Dev Diary #4 - Adding Complexity Controls and External Data Sources

2024-03-29

Last week, we talked about the complexity of a dataset and how some use cases require higher complexity than others. This week, we shipped complexity controls and also the ability to edit the knowledge graph with custom nodes.

Complexity

We shipped the ability to control the complexity of a dataset, which will let users have more control over how complex the reasoning within the dataset samples is. This becomes really important for logical or reasoning-heavy use cases (code, math, etc.) where you want the dataset to have complex examples to teach a model how to navigate and reason through them. Right now, complexity is defined at four discrete levels, and you can preview what each level means for your use case.

Editing knowledge graph

The knowledge graph is a tool to help users visualize what knowledge is covered by the dataset and subsequently goes into the model. Until now, users could only view the knowledge graph and try to iterate on that by editing the description of the use case, but this week we shipped the ability to edit the knowledge graph by adding or removing nodes. This will help users control what knowledge they want the dataset to cover, remove unwanted data, and add things that we might otherwise miss.

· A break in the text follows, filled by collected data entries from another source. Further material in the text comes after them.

(* Let $\mu,\nu$ be Borel probability measures on $\mathbb{R}$. Then $$W_1(\mu,\nu)=W_1(\mu^l,\nu^l)+W_1(\mu^r,\nu^r),$$ where $\mu^l,\mu^r$ (and likewise $\nu^l,\nu^r$) are defined below.
   Context: For a probability measure $\mu$ on $\mathbb{R}$ let $B(\mu)=\sup\{x\in\mathbb{R}:\mu(-\infty,x]\le\tfrac12\}$ and, when $\mu\{B(\mu)\}>0$, $b_\mu=\bigl(\tfrac12-\mu(-\infty,B(\mu))\bigr)/\mu\{B(\mu)\}$ (when $\mu\{B(\mu)\}=0$ the atom terms below vanish). Define $\mu^l=\mu\,\mathbf 1_{(-\infty,B(\mu))}+b_\mu\,\mu\{B(\mu)\}\,\delta_{B(\mu)}$ and $\mu^r=\mu\,\mathbf 1_{(B(\mu),\infty)}+(1-b_\mu)\,\mu\{B(\mu)\}\,\delta_{B(\mu)}$; these are nonnegative measures of mass $\tfrac12$ each. For nonnegative finite measures $\alpha,\beta$ on $\mathbb{R}$ of equal mass, $W_1(\alpha,\beta)=\inf\int|x-y|\,d\gamma(x,y)$ over all nonnegative measures $\gamma$ on $\mathbb{R}^2$ with marginals $\alpha$ and $\beta$. *)

theory Defs
  imports "HOL-Probability.Probability"
begin

definition medB :: "real measure \<Rightarrow> real" where
  "medB \<mu> = Sup {x. measure \<mu> {..x} \<le> 1/2}"

text \<open>b_mu; when the atom at B(mu) has mass 0 the atom terms vanish, value irrelevant (set to 0).\<close>
definition bcoef :: "real measure \<Rightarrow> real" where
  "bcoef \<mu> = (if measure \<mu> {medB \<mu>} > 0
      then (1/2 - measure \<mu> {..<medB \<mu>}) / measure \<mu> {medB \<mu>} else 0)"

text \<open>mu^l = mu restricted to (-inf,B) + b_mu mu{B} delta_B, written as a density w.r.t. mu.\<close>
definition lpart :: "real measure \<Rightarrow> real measure" where
  "lpart \<mu> = density \<mu> (\<lambda>x. ennreal (indicator {..<medB \<mu>} x
      + (if x = medB \<mu> then bcoef \<mu> else 0)))"

text \<open>mu^r = mu restricted to (B,inf) + (1 - b_mu) mu{B} delta_B.\<close>
definition rpart :: "real measure \<Rightarrow> real measure" where
  "rpart \<mu> = density \<mu> (\<lambda>x. ennreal (indicator {medB \<mu><..} x
      + (if x = medB \<mu> then 1 - bcoef \<mu> else 0)))"

definition couplings :: "real measure \<Rightarrow> real measure \<Rightarrow> (real \<times> real) measure set" where
  "couplings \<alpha> \<beta> = {\<gamma>. sets \<gamma> = sets (borel :: (real \<times> real) measure)
      \<and> distr \<gamma> borel fst = \<alpha> \<and> distr \<gamma> borel snd = \<beta>}"

definition W1 :: "real measure \<Rightarrow> real measure \<Rightarrow> ennreal" where
  "W1 \<alpha> \<beta> = (INF \<gamma>\<in>couplings \<alpha> \<beta>. \<integral>\<^sup>+ p. ennreal \<bar>fst p - snd p\<bar> \<partial>\<gamma>)"

end

theory Submission
  imports Defs
begin

(* On the line, W1 is the L1 distance between distribution functions. Since |x - y| is the
   Lebesgue measure of the points t lying between x and y, every coupling gamma of alpha and beta
   costs the integral over t of gamma{x <= t < y} + gamma{y <= t < x}, which is at least
   |F_alpha t - F_beta t|; the quantile coupling u |-> (F_alpha^-1 u, F_beta^-1 u) attains this
   bound. The halves mu^l and mu^r have distribution functions min F (1/2) and max (F - 1/2) 0,
   and |a - b| = |min a (1/2) - min b (1/2)| + |max (a - 1/2) 0 - max (b - 1/2) 0|, so the
   integral splits. *)

definition transport_cost :: "(real \<times> real) measure \<Rightarrow> ennreal" where
  "transport_cost \<gamma> = (\<integral>\<^sup>+ p. ennreal \<bar>fst p - snd p\<bar> \<partial>\<gamma>)"

lemma borel_measurable_fst_snd [measurable]:
  "fst \<in> borel_measurable (borel :: (real \<times> real) measure)"
  "snd \<in> borel_measurable (borel :: (real \<times> real) measure)"
  by (intro borel_measurable_continuous_onI continuous_intros)+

Adding external data sources

We are seeing recurring requests from users where they want to ground the synthetic dataset we generate using seed data from external data sources like websites or internal knowledge bases. This is important for use cases where no information exists on the topic outside of your internal knowledge base so we can’t accurately generate synthetic data for it, or if you’d like to target some very specific data for your model like documentation of a specific set of APIs.

This week we built out support for external data sources for our data generation pipeline, and you can expect this feature to be shipped and available to you next week.

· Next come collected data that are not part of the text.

(* For all $n\in\mathbb{N}$ and $a,b,c\in\mathbb{C}$ with $b\notin\mathbb{Z}^-$: \begin{align*} \sum_{j=0}^{n}\sum_{i=0}^{j}\frac{\binom{2n+a+2}{i}}{\binom{2n+1}{j}}&=\sum_{k=0}^{n}\frac{n+1}{2k+1}\,\frac{\binom{2k+a}{k}}{\binom{2k}{k}},\\ \sum_{j=0}^{n}\sum_{i=0}^{j}\frac{\binom{2n+3}{i}}{\binom{2n+b+1}{j}}&=\sum_{k=0}^{n}\frac{2n+b+2}{k+b+1}\,\frac{\binom{2k+1}{k}+\frac{4^k b}{k+1}}{\binom{2k+b+2}{k+1}},\\ \sum_{j=0}^{n}\sum_{i=0}^{j}\frac{\binom{n+1}{i}}{\binom{n+b}{j}}\,c^{j-i}&=\sum_{k=0}^{n}\frac{n+b+1}{b+1}\,\frac{(c+1)^k}{\binom{k+b+1}{k}},\\ \sum_{j=0}^{n}\sum_{i=0}^{j}\frac{\binom{n+2}{i}}{\binom{n}{j}}\,c^{j-i+1}&=\sum_{k=0}^{n}\frac{n+1}{k+1}\left((c+1)^{k+1}-1\right). \end{align*}
   Context: For $x\in\mathbb{C}$, $i\in\mathbb{N}$: $\binom{x}{i}=x(x-1)\cdots(x-i+1)/i!$. $\mathbb{Z}^-=\{-1,-2,\dots\}$. Here $c^0=1$ for every $c$. *)

theory Defs
  imports Complex_Main
begin

definition neg_ints :: "complex set" where
  "neg_ints = {of_int k | k. k \<le> -1}"

end

theory Submission
  imports Defs
begin

text \<open>
  Write A(x, j) for the coefficient of t^j in (1 + t)^x / (1 - c t), so that the inner sums of the
  corollary are A(x, j) / binom(y, j), and let S(x, y, n) be the sum of these over j \<le> n.
  Pascal's rule A(x+1, j+1) = A(x, j+1) + A(x, j), together with its reciprocal counterpart
  (y+2) / ((y+1) binom(y, j)) = 1 / binom(y+1, j) + 1 / binom(y+1, j+1), gives by summation by parts
  S(x+1, y+1, n) = (y+2)/(y+1) S(x, y, n) up to one boundary term. Each identity then follows by
  induction on n, shifting (x, y) by one step (last two identities) or two steps (first two); only the
  boundary terms need to be evaluated, using A(m, m) = (c+1)^m, \<Sum>k\<le>m. binom(2m+1, k) = 4^m and the
  symmetry of binom(2m+1, -).
\<close>

lemma sum_eq_of_scaled_recurrence:
  fixes S w r u :: "nat \<Rightarrow> 'a::comm_semiring_1"
  assumes "S 0 = w 0 * u 0"
    and "\<And>n. w (Suc n) = r n * w n"
    and "\<And>n. S (Suc n) = r n * S n + w (Suc n) * u (Suc n)"
  shows "S n = (\<Sum>k=0..n. w n * u k)"
proof (induction n)
  case 0
  then show ?case using assms(1) by simp
next
  case (Suc n)
  then show ?case
    using assms(2,3) by (simp add: sum_distrib_left mult.assoc)
qed

definition binomial_geometric_sum :: "'a::field_char_0 \<Rightarrow> 'a \<Rightarrow> nat \<Rightarrow> 'a" where
  "binomial_geometric_sum c x j = (\<Sum>i=0..j. (x gchoose i) * c^(j-i))"

lemma binomial_geometric_sum_0 [simp]: "binomial_geometric_sum c x 0 = 1"
  by (simp add: binomial_geometric_sum_def)

lemma binomial_geometric_sum_Suc:
  "binomial_geometric_sum c x (Suc j) = c * binomial_geometric_sum c x j + (x gchoose Suc j)"
  by (simp add: binomial_geometric_sum_def sum_distrib_left Suc_diff_le algebra_simps)

lemma binomial_geometric_sum_pascal:
  "binomial_geometric_sum c (x+1) (Suc j) = binomial_geometric_sum c x (Suc j) + binomial_geometric_sum c x j"
proof (induction j)
  case 0
  then show ?case by (simp add: binomial_geometric_sum_Suc)
next
  case (Suc j)
  have "binomial_geometric_sum c (x+1) (Suc (Suc j))
      = c * binomial_geometric_sum c (x+1) (Suc j) + ((x+1) gchoose Suc (Suc j))"
    by (rule binomial_geometric_sum_Suc)
  also have "\<dots> = c * (binomial_geometric_sum c x (Suc j) + binomial_geometric_sum c x j)
      + (x gchoose Suc j) + (x gchoose Suc (Suc j))"
    using Suc by (simp add: gbinomial_Suc_Suc)
  also have "\<dots> = binomial_geometric_sum c x (Suc (Suc j)) + binomial_geometric_sum c x (Suc j)"
    by (simp add: binomial_geometric_sum_Suc algebra_simps)
  finally show ?case .
qed

lemma binomial_geometric_sum_of_nat_self:
  "binomial_geometric_sum c (of_nat m) m = (c + 1)^m"
  using binomial_ring[of 1 c m]
  by (simp add: binomial_geometric_sum_def binomial_gbinomial atLeast0AtMost add.commute)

Better improvement workflow for models

Over the past few weeks, we have been working hard to improve the process of building a dataset and model on our platform, and now we are starting to focus also on a better flow for improving your datasets and, by extension, models, based on learning from measurements.

We MVP'd a flow for improvement which will let you update a dataset and then train a model on that in the following ways:

  1. Create a new dataset from scratch, currently supported.
  2. Add knowledge to the dataset, useful where the model performs badly on inputs because the information is missing in the dataset.
  3. Edit the style schema, and we apply the changes to all the samples in the existing dataset.
  4. Remove examples that meet a certain condition; this will help you remove unwanted noise.
  5. Add samples of a certain type to balance the dataset. For example, if you see that your model performs worse on a RAG use case where there are more than 5 document sources in the input, you can add samples of just those types to improve the model in that area.

We expect to ship this feature within the next week.

Changelog

Schema Builder

  • Added complexity control to the schema builder.
  • Several bug fixes related to schema parsing.

Knowledge Graph:

  • Knowledge graph can now be edited by adding or removing nodes.
  • Edit keywords inline.
  • Format as a horizontal tree.

Note: You will need to make a new version and generate a new graph to see the changes on existing datasets.

Other:

  • We shipped a new and updated landing page; check it out here.
  • Data previews are now 5x faster.

Fixes

  • Some weird labels in the dataset designer have been removed.
  • Previews no longer require a knowledge graph to be generated.